Unlike a lot of contenders, the Celtics still have all their future picks to trade, plus they turned Marcus Smart into a future first from Golden State that is now available to put in a deal like this. Boston could offer five firsts if it wanted: 2024, ’26, ’28 (lesser of their own or San Antonio’s), and ’30, plus the Warriors’ top-4 protected pick this year.
The problem for Portland is Boston is good and should be for many years with Jayson Tatum and Jaylen Brown still in their mid-20s. The picks the Blazers would get would almost certainly be in the 20s. Ditto for that Warriors pick, too. It almost doesn’t matter the quantity, because what are the odds of getting a lottery-level pick quality out of this?
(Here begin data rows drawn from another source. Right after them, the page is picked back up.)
lemma prob_near_zero_weight_large:
  assumes n: "n > 0" and Lb: "Lb > 0" and h: "h \<ge> 0"
    and small: "\<forall>i<n. h * pnorm p d (X i) / sqrt n < dens_radius"
  shows "prob {\<omega>\<in>space M. Lb \<le> near_zero_weight n h \<omega>} \<le> 4 * f 0 * h * mean_sq_norm n / Lb"
proof -
  have int1: "integrable M (\<lambda>\<omega>. of_bool (\<bar>eps i \<omega>\<bar> \<le> c) :: real)" for i c
    by (rule integrable_bounded[where B=1]) (auto simp: of_bool_def)
  have intL: "integrable M (\<lambda>\<omega>. near_zero_weight n h \<omega>)"
    unfolding near_zero_weight_def by (intro Bochner_Integration.integrable_sum integrable_mult_right int1)
  have "prob {\<omega>\<in>space M. Lb \<le> near_zero_weight n h \<omega>} \<le> expectation (\<lambda>\<omega>. near_zero_weight n h \<omega>) / Lb"
    using Lb by (intro integral_Markov_inequality_measure[where A="space M"] intL)
                (auto simp: near_zero_weight_def intro!: sum_nonneg mult_nonneg_nonneg)
  also have "expectation (\<lambda>\<omega>. near_zero_weight n h \<omega>) \<le> (\<Sum>i<n. (pnorm p d (X i) / sqrt n) * (4 * f 0 * (h * pnorm p d (X i) / sqrt n)))"
    unfolding near_zero_weight_def
  proof (subst Bochner_Integration.integral_sum, simp add: int1, rule sum_mono)
    fix i assume i: "i \<in> {..<n}"
    have "expectation (\<lambda>\<omega>. of_bool (\<bar>eps i \<omega>\<bar> \<le> h * pnorm p d (X i) / sqrt n)) \<le> 4 * f 0 * (h * pnorm p d (X i) / sqrt n)"
      by (rule expectation_abs_eps_le) (use small i h in auto)
    then show "expectation (\<lambda>\<omega>. pnorm p d (X i) / sqrt n * of_bool (\<bar>eps i \<omega>\<bar> \<le> h * pnorm p d (X i) / sqrt n))
        \<le> pnorm p d (X i) / sqrt n * (4 * f 0 * (h * pnorm p d (X i) / sqrt n))"
      by (simp only: Bochner_Integration.integral_mult_right_zero) (rule mult_left_mono, simp_all)
  qed
  also have "(\<Sum>i<n. (pnorm p d (X i) / sqrt n) * (4 * f 0 * (h * pnorm p d (X i) / sqrt n)))
      = 4 * f 0 * h * mean_sq_norm n"
    using n by (simp add: mean_sq_norm_def sum_distrib_left sum_divide_distrib power2_eq_square mult_ac)
  finally show ?thesis using Lb by (simp add: divide_right_mono)
qed
end

section \<open>Lower bound on a sphere\<close>

context quantile_design
begin

lemma score_norm_measurable [measurable]: "(\<lambda>\<omega>. pnorm p d (score n \<omega>)) \<in> borel_measurable M"
  unfolding pnorm_def score_def by measurable

text \<open>Chosen so that the lower bound \<open>(f 0/16)(coerc/2)(C/2)\<^sup>2\<close> for the expected loss increment
  on the annulus \<open>C/2 \<le> \<parallel>w\<parallel> \<le> 2C\<close> equals \<open>\<kappa>C\<^sup>2\<close>.\<close>
definition kappa :: real where
  "kappa = f 0 * coerc / 128"

lemma kappa_pos: "kappa > 0"
  using f_pos coerc(1) by (simp add: kappa_def)

lemma expectation_loss_incr_annulus_ge:
  assumes n: "n > 0" and q: "qform (gram n X) w \<ge> (coerc/2) * (pnorm p d w)^2"
    and X_small: "\<forall>i<n. pnorm p d (X i) * pnorm p d w / sqrt n < dens_radius"
    and w: "C/2 \<le> pnorm p d w" "C \<ge> 0"
  shows "expectation (\<lambda>\<omega>. loss_incr n \<omega> w) \<ge> kappa * C^2"
proof -
  have "\<bar>res_shift n w i\<bar> < dens_radius" if "i < n" for i
    using abs_res_shift_le[of n w i] X_small that by fastforce
  then have "expectation (\<lambda>\<omega>. loss_incr n \<omega> w) \<ge> (f 0/16) * qform (gram n X) w"
    by (intro expectation_loss_incr_ge[OF n]) auto
  moreover have "(f 0/16) * ((coerc/2) * (C/2)^2) \<le> (f 0/16) * qform (gram n X) w"
    using q w f_pos coerc(1)
    by (intro mult_left_mono order.trans[OF _ q] power_mono) auto
  moreover have "(f 0/16) * ((coerc/2) * (C/2)^2) = kappa * C^2"
    by (simp add: kappa_def power_divide)
  ultimately show ?thesis by linarith
qed

lemma loss_incr_gt_of_net_point:
  assumes v: "pnorm p d v = C" and vw: "pnorm p d (\<lambda>j k. v j k - w j k) \<le> \<rho>" "\<rho> \<le> C/2"
    and Dw: "loss_incr n \<omega> w > 2 * B"
    and lip: "\<rho> * (pnorm p d (score n \<omega>) + near_zero_weight n (2 * C) \<omega>) \<le> B"
  shows "loss_incr n \<omega> v > B"
proof -
  have "pnorm p d w \<le> pnorm p d v + pnorm p d (\<lambda>j k. w j k - v j k)"
    by (rule pnorm_le_pnorm_add_diff)
  then have "pnorm p d w \<le> 2 * C"
    using v vw pnorm_diff_commute[of p d v w] pnorm_nonneg[of p d v] by linarith
  moreover have "0 \<le> pnorm p d (score n \<omega>) + near_zero_weight n (2 * C) \<omega>"
    unfolding near_zero_weight_def by (intro add_nonneg_nonneg sum_nonneg) auto
  ultimately have "\<bar>loss_incr n \<omega> v - loss_incr n \<omega> w\<bar>
      \<le> pnorm p d (\<lambda>j k. v j k - w j k) * (pnorm p d (score n \<omega>) + near_zero_weight n (2 * C) \<omega>)"
    using v pnorm_nonneg[of p d v] by (intro loss_incr_Lipschitz) auto
  also have "\<dots> \<le> \<rho> * (pnorm p d (score n \<omega>) + near_zero_weight n (2 * C) \<omega>)"
    using vw(1) \<open>0 \<le> pnorm p d (score n \<omega>) + near_zero_weight n (2 * C) \<omega>\<close> by (rule mult_right_mono)
  finally show ?thesis using Dw lip by linarith
qed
I’d much rather own fewer end-of-decade picks from, say, the Clippers.
Between that and the fact that extending Holiday would make the Celtics shockingly expensive in two years, I’m a little less bullish on this one. But if Boston could pull this off while keeping Williams and Horford out of the trade, oh my goodness this defense. Nobody would ever score on them. And in terms of the sheer quantity of draft picks, this is the way for Portland to get the most.
Jrue Holiday is 33 this year, I'd be OK not extending him. Get two years out of him and then use the cap space on someone else while the Js are still at their peak.